As a workforce author, researcher, and consultant, I observed many organizations that were concerned about a labor shortage brought about by baby boomer retirement. This shortage, and the skills gaps that went along with it, was partially delayed in part by the financial crisis and subsequent recession, because many baby boomers lost savings and were working past traditional retirement age1.
Many baby boomers, born 1946-64, are now in their 70s, and the time has come for them to exit the workforce. According to a recent report by the Federal Reserve2, industrialized nations like the U.S. are facing a shortage of working-aged professionals, and employers need enough qualified employees to survive.
In my experience working with dozens of companies over the last decade, I’ve seen that corporate training and development can be an effective solution to this problem.
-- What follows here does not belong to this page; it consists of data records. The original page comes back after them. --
(* Let $\Gamma$ be a finite connected $m$-regular graph and let $u$ be an eigenvector of (the adjacency matrix of) $\Gamma$ which takes exactly three distinct values $a_0,a_1,a_2$. For $i\in\{0,1,2\}$ let $C^i$ be the set of vertices $x$ with $u_x=a_i$. Suppose that there are no edges between $C^0$ and $C^2$, and that there is a number $\beta_1$ such that every vertex of $C^1$ is adjacent to exactly $\beta_1$ vertices of $C^2$. Then for all $i,j\in\{0,1,2\}$ the number of neighbours in $C^j$ of a vertex $x\in C^i$ does not depend on the choice of $x\in C^i$; consequently $C^0$ is a completely regular code in $\Gamma$, with distance partition $(C^0,C^1,C^2)$ and covering radius $2$.
   Context: For a nonempty vertex set $C$ of a connected regular graph, $C_i$ denotes the set of vertices at distance exactly $i$ from $C$, and the covering radius $\rho$ is the largest $i$ with $C_i\neq\emptyset$; $(C_0=C,C_1,\dots,C_\rho)$ is the distance partition. $C$ is a completely regular code if there are numbers $\gamma_i,\alpha_i,\beta_i$ such that every vertex of $C_i$ has exactly $\gamma_i$ neighbours in $C_{i-1}$, $\alpha_i$ neighbours in $C_i$ and $\beta_i$ neighbours in $C_{i+1}$, for all $i$. *)

theory Defs
  imports Complex_Main
begin

definition simple_graph :: "'a set \<Rightarrow> ('a \<Rightarrow> 'a \<Rightarrow> bool) \<Rightarrow> bool" where
  "simple_graph V E \<longleftrightarrow> finite V \<and> (\<forall>x y. E x y \<longrightarrow> x \<in> V \<and> y \<in> V)
     \<and> (\<forall>x y. E x y \<longrightarrow> E y x) \<and> (\<forall>x. \<not> E x x)"

definition neighbours :: "'a set \<Rightarrow> ('a \<Rightarrow> 'a \<Rightarrow> bool) \<Rightarrow> 'a \<Rightarrow> 'a set" where
  "neighbours V E x = {y \<in> V. E x y}"

definition regular :: "'a set \<Rightarrow> ('a \<Rightarrow> 'a \<Rightarrow> bool) \<Rightarrow> nat \<Rightarrow> bool" where
  "regular V E m \<longleftrightarrow> (\<forall>x \<in> V. card (neighbours V E x) = m)"

text \<open>A walk: nonempty list of vertices, consecutive ones adjacent; its length is
  length xs - 1.\<close>
definition walk :: "'a set \<Rightarrow> ('a \<Rightarrow> 'a \<Rightarrow> bool) \<Rightarrow> 'a list \<Rightarrow> bool" where
  "walk V E xs \<longleftrightarrow> xs \<noteq> [] \<and> set xs \<subseteq> V \<and> (\<forall>i. Suc i < length xs \<longrightarrow> E (xs ! i) (xs ! Suc i))"

definition connected_graph :: "'a set \<Rightarrow> ('a \<Rightarrow> 'a \<Rightarrow> bool) \<Rightarrow> bool" where
  "connected_graph V E \<longleftrightarrow> V \<noteq> {} \<and>
     (\<forall>x \<in> V. \<forall>y \<in> V. \<exists>xs. walk V E xs \<and> hd xs = x \<and> last xs = y)"

text \<open>Distance from a vertex set C to a vertex x (meaningful when x is reachable from C).\<close>
definition reachable_from :: "'a set \<Rightarrow> ('a \<Rightarrow> 'a \<Rightarrow> bool) \<Rightarrow> 'a set \<Rightarrow> 'a \<Rightarrow> nat \<Rightarrow> bool" where
  "reachable_from V E C x n \<longleftrightarrow> (\<exists>xs. walk V E xs \<and> hd xs \<in> C \<and> last xs = x \<and> length xs = Suc n)"

definition dist_set :: "'a set \<Rightarrow> ('a \<Rightarrow> 'a \<Rightarrow> bool) \<Rightarrow> 'a set \<Rightarrow> 'a \<Rightarrow> nat" where
  "dist_set V E C x = (LEAST n. reachable_from V E C x n)"

definition dist_layer :: "'a set \<Rightarrow> ('a \<Rightarrow> 'a \<Rightarrow> bool) \<Rightarrow> 'a set \<Rightarrow> nat \<Rightarrow> 'a set" where
  "dist_layer V E C i = {x \<in> V. (\<exists>n. reachable_from V E C x n) \<and> dist_set V E C x = i}"

definition covering_radius :: "'a set \<Rightarrow> ('a \<Rightarrow> 'a \<Rightarrow> bool) \<Rightarrow> 'a set \<Rightarrow> nat" where
  "covering_radius V E C = Max {i. dist_layer V E C i \<noteq> {}}"

definition completely_regular :: "'a set \<Rightarrow> ('a \<Rightarrow> 'a \<Rightarrow> bool) \<Rightarrow> 'a set \<Rightarrow> bool" where
  "completely_regular V E C \<longleftrightarrow> C \<noteq> {} \<and> C \<subseteq> V \<and>
     (\<forall>i. \<exists>\<gamma> \<alpha> \<beta>. \<forall>x \<in> dist_layer V E C i.
        card {y \<in> (if i = 0 then {} else dist_layer V E C (i - 1)). E x y} = \<gamma> \<and>
        card {y \<in> dist_layer V E C i. E x y} = \<alpha> \<and>
        card {y \<in> dist_layer V E C (Suc i). E x y} = \<beta>)"

end

theory Submission
  imports Defs
begin

text \<open>For a vertex x with u x = a i, let n_j be its number of neighbours in C^j. Regularity and
  the eigenvalue equation give n_0 + n_1 + n_2 = m and n_0 a_0 + n_1 a_1 + n_2 a_2 = \<theta> a_i, so
  as soon as one n_k is known the other two are the solution of a 2 \<times> 2 system with determinant
  a_s - a_t \<noteq> 0. On C^0 and C^2 one count is 0, on C^1 it is \<beta>_1; hence all counts are constant
  on each C^i. Connectivity yields one edge C^0 -- C^1 and one edge C^1 -- C^2, and by constancy every
  vertex of C^1 (resp. C^2) has a neighbour in C^0 (resp. C^1). So the index i is a level function
  whose edges change the level by at most one and along which every vertex can descend; such a
  level function is the distance from level 0.\<close>

lemma walk_singleton [simp]: "walk V E [x] \<longleftrightarrow> x \<in> V"
  by (simp add: walk_def)

lemma walk_snoc:
  assumes "xs \<noteq> []"
  shows "walk V E (xs @ [x]) \<longleftrightarrow> walk V E xs \<and> x \<in> V \<and> E (last xs) x"
proof -
  have "(\<forall>i. Suc i < length (xs @ [x]) \<longrightarrow> E ((xs @ [x]) ! i) ((xs @ [x]) ! Suc i)) \<longleftrightarrow>
        (\<forall>i. Suc i < length xs \<longrightarrow> E (xs ! i) (xs ! Suc i)) \<and> E (last xs) x"
    using assms by (auto simp: nth_append last_conv_nth less_Suc_eq)
      (metis One_nat_def diff_Suc_1)
  with assms show ?thesis unfolding walk_def by auto
qed

lemma walk_leaves_set:
  assumes "walk V E xs" "hd xs \<in> S" "last xs \<notin> S"
  shows "\<exists>x \<in> S. \<exists>y. y \<notin> S \<and> E x y"
  using assms
proof (induction xs rule: rev_induct)
  case Nil
  then show ?case by (simp add: walk_def)
next
  case (snoc x xs)
  show ?case
  proof (cases "xs = []")
    case True
    then show ?thesis using snoc.prems by simp
  next
    case False
    with snoc.prems have "walk V E xs" "hd xs \<in> S" "E (last xs) x" "x \<notin> S"
      by (simp_all add: walk_snoc)
    then show ?thesis using snoc.IH by (cases "last xs \<in> S") auto
  qed
qed

lemma connected_graph_edge_leaving:
  assumes "connected_graph V E" "x \<in> V \<inter> S" "y \<in> V - S"
  shows "\<exists>x \<in> S. \<exists>y. y \<notin> S \<and> E x y"
proof -
  obtain xs where "walk V E xs" "hd xs = x" "last xs = y"
    using assms unfolding connected_graph_def by blast
  then show ?thesis using assms(2,3) walk_leaves_set by fastforce
qed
As more senior roles are vacated, corporate training, particularly for succession planning, may be a good vehicle for mid-level professionals to master skills like team leadership, business acumen, strategic planning, conflict resolution, and decision-making.
All Employees, All Levels
One of the topics I write about most is increasing automation and machine participation3, and given this trend, I believe that even employees who will not become senior leaders must continuously upskill or reskill to maintain their value within the organization. The days of having one degree and one corresponding skillset may be numbered, because if that skillset is automated, what then? Corporate training provides one way to diversify what each individual employee can contribute and the variety of roles he or she can hold.
There are other benefits besides skill acquisition. I’ve written that despite technological advances, productivity in most organizations is lagging4. Corporate training is one method for adjusting your processes, targeting efficiency so employees can better perform tasks and focus their energies more specifically on company goals. I have personally seen that many organizations with solid corporate training initiatives keep their people longer because the employees appreciate the investment in their development. And, I’ve observed that organizations that do right by their people are perceived as having strong brands that customers want to support.